▶ **SOURCE DATA**:
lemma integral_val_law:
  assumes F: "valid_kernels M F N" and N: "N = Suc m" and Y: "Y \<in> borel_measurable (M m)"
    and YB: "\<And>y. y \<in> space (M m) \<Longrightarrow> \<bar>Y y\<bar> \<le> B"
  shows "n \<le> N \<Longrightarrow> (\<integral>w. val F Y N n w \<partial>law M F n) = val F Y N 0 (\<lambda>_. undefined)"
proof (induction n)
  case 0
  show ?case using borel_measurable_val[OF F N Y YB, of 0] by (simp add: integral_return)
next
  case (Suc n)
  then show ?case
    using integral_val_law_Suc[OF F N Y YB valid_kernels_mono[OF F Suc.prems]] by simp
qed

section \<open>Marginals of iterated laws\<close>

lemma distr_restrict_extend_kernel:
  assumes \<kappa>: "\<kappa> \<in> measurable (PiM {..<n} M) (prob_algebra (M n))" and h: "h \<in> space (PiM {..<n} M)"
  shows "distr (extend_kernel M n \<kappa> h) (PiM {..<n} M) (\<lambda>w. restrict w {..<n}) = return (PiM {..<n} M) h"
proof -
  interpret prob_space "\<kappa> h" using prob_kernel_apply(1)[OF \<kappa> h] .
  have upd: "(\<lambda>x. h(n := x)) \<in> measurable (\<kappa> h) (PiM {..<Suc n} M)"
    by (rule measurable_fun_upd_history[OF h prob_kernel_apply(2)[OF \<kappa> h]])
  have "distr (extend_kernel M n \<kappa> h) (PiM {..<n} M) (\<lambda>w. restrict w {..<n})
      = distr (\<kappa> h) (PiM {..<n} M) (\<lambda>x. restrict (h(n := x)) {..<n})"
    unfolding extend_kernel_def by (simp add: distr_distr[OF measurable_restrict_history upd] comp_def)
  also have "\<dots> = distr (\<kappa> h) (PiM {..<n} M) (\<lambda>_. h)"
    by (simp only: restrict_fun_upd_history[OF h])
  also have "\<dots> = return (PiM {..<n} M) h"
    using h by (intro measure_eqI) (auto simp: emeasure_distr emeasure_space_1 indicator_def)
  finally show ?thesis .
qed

▶ **WHAT IS BEING ASKED**:
Retype the entire listing without altering anything.

▶ **SOLUTION FOR THIS TASK**:
lemma integral_val_law:
  assumes F: "valid_kernels M F N" and N: "N = Suc m" and Y: "Y \<in> borel_measurable (M m)"
    and YB: "\<And>y. y \<in> space (M m) \<Longrightarrow> \<bar>Y y\<bar> \<le> B"
  shows "n \<le> N \<Longrightarrow> (\<integral>w. val F Y N n w \<partial>law M F n) = val F Y N 0 (\<lambda>_. undefined)"
proof (induction n)
  case 0
  show ?case using borel_measurable_val[OF F N Y YB, of 0] by (simp add: integral_return)
next
  case (Suc n)
  then show ?case
    using integral_val_law_Suc[OF F N Y YB valid_kernels_mono[OF F Suc.prems]] by simp
qed

section \<open>Marginals of iterated laws\<close>

lemma distr_restrict_extend_kernel:
  assumes \<kappa>: "\<kappa> \<in> measurable (PiM {..<n} M) (prob_algebra (M n))" and h: "h \<in> space (PiM {..<n} M)"
  shows "distr (extend_kernel M n \<kappa> h) (PiM {..<n} M) (\<lambda>w. restrict w {..<n}) = return (PiM {..<n} M) h"
proof -
  interpret prob_space "\<kappa> h" using prob_kernel_apply(1)[OF \<kappa> h] .
  have upd: "(\<lambda>x. h(n := x)) \<in> measurable (\<kappa> h) (PiM {..<Suc n} M)"
    by (rule measurable_fun_upd_history[OF h prob_kernel_apply(2)[OF \<kappa> h]])
  have "distr (extend_kernel M n \<kappa> h) (PiM {..<n} M) (\<lambda>w. restrict w {..<n})
      = distr (\<kappa> h) (PiM {..<n} M) (\<lambda>x. restrict (h(n := x)) {..<n})"
    unfolding extend_kernel_def by (simp add: distr_distr[OF measurable_restrict_history upd] comp_def)
  also have "\<dots> = distr (\<kappa> h) (PiM {..<n} M) (\<lambda>_. h)"
    by (simp only: restrict_fun_upd_history[OF h])
  also have "\<dots> = return (PiM {..<n} M) h"
    using h by (intro measure_eqI) (auto simp: emeasure_distr emeasure_space_1 indicator_def)
  finally show ?thesis .
qed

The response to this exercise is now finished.